RECORDS FOR THE TASK ->
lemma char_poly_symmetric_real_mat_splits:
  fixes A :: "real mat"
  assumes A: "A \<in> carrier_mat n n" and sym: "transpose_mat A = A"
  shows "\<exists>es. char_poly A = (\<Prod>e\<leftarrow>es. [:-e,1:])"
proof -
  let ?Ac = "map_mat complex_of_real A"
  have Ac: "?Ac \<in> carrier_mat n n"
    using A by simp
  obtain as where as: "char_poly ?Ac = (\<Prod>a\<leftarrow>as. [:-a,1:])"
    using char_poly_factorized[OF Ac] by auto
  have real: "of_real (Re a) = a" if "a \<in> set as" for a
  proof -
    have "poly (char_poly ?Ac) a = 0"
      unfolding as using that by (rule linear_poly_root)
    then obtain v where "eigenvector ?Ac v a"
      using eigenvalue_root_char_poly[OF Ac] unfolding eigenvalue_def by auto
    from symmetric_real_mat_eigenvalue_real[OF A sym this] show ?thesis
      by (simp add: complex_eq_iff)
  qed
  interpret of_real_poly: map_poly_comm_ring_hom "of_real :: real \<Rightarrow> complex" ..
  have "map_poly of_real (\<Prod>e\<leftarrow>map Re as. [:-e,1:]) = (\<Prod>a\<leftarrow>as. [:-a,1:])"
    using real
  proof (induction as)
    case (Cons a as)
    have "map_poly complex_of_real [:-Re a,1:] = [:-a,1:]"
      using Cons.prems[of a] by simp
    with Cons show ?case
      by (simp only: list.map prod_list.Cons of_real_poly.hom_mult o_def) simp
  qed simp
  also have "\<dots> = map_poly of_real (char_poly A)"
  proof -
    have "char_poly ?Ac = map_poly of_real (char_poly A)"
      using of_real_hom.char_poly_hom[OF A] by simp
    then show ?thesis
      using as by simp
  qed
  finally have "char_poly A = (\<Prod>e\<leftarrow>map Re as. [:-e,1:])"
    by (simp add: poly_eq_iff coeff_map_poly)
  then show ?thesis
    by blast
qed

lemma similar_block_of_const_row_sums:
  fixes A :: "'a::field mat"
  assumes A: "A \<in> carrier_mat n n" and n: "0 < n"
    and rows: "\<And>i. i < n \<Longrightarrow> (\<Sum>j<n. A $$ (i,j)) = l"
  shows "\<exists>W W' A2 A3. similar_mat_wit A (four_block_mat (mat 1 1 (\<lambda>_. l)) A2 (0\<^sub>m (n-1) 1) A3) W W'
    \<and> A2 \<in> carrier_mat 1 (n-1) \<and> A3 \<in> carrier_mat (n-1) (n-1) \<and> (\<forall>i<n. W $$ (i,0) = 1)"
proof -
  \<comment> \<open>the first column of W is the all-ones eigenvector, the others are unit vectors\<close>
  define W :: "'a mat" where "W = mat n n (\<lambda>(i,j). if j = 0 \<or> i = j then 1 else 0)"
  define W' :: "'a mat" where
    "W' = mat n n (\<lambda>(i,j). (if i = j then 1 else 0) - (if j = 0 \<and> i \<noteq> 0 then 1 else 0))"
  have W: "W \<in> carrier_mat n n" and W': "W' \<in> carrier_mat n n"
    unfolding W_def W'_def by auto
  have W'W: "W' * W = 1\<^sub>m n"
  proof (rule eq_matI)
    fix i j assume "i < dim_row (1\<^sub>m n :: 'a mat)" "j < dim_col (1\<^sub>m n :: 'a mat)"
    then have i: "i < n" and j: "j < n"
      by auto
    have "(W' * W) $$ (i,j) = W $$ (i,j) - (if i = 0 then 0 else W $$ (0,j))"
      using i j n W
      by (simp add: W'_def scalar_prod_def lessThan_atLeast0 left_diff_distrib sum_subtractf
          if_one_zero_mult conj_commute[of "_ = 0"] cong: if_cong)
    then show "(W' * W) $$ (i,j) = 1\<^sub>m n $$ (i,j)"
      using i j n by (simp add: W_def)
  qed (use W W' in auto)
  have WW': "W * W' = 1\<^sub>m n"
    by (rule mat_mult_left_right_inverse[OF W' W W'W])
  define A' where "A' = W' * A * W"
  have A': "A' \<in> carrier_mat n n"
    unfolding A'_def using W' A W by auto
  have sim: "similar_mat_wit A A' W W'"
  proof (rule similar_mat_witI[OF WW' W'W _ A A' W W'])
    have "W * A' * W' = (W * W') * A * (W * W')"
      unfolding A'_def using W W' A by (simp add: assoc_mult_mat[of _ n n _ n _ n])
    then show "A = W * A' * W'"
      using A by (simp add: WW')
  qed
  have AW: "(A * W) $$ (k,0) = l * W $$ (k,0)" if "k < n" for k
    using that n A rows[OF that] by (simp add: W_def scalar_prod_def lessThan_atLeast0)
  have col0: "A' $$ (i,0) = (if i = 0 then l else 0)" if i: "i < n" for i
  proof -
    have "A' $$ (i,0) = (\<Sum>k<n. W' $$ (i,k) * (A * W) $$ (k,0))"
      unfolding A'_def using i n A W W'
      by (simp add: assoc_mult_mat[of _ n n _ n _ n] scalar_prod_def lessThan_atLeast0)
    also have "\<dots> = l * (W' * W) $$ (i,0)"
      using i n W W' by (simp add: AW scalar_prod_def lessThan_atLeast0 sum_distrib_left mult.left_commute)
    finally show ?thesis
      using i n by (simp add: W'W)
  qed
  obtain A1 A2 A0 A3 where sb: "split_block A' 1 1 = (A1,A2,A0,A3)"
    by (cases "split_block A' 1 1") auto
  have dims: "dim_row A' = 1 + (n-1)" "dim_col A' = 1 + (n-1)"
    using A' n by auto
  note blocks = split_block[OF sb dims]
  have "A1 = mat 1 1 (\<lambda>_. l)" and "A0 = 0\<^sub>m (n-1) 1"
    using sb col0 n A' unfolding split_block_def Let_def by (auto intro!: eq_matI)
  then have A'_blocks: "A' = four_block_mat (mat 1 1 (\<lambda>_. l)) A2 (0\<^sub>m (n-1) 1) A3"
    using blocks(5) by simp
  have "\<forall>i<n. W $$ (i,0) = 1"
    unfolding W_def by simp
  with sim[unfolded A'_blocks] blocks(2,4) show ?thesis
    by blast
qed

...

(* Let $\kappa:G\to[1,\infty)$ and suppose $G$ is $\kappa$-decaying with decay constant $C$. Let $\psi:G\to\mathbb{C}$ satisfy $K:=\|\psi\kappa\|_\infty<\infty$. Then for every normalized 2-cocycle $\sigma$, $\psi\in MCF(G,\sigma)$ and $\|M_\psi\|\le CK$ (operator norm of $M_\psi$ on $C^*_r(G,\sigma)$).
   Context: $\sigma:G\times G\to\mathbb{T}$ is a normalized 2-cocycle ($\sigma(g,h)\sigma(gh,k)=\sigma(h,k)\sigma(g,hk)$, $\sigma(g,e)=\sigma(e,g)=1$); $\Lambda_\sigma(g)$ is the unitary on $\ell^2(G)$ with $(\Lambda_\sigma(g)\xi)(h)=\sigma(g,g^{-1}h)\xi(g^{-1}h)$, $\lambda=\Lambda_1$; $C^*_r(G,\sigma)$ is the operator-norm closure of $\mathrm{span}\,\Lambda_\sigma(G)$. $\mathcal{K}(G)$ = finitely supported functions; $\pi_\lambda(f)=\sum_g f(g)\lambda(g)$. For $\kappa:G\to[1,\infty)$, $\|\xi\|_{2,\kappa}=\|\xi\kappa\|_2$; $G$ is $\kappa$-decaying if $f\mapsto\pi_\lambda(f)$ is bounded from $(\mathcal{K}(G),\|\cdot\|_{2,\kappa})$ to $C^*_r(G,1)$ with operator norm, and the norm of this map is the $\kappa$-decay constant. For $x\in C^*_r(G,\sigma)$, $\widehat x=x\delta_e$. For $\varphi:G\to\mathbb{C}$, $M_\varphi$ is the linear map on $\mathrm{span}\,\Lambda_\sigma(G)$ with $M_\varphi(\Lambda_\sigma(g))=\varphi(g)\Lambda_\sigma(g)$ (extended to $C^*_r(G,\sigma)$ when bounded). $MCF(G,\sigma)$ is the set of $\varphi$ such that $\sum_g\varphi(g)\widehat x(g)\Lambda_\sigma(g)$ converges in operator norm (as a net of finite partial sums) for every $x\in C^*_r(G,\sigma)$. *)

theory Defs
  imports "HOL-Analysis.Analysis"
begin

WORK ITEM ->
Your answer must be the number of lines above that contain the word "thesis", stated alone.

WRITTEN ANSWER ->
5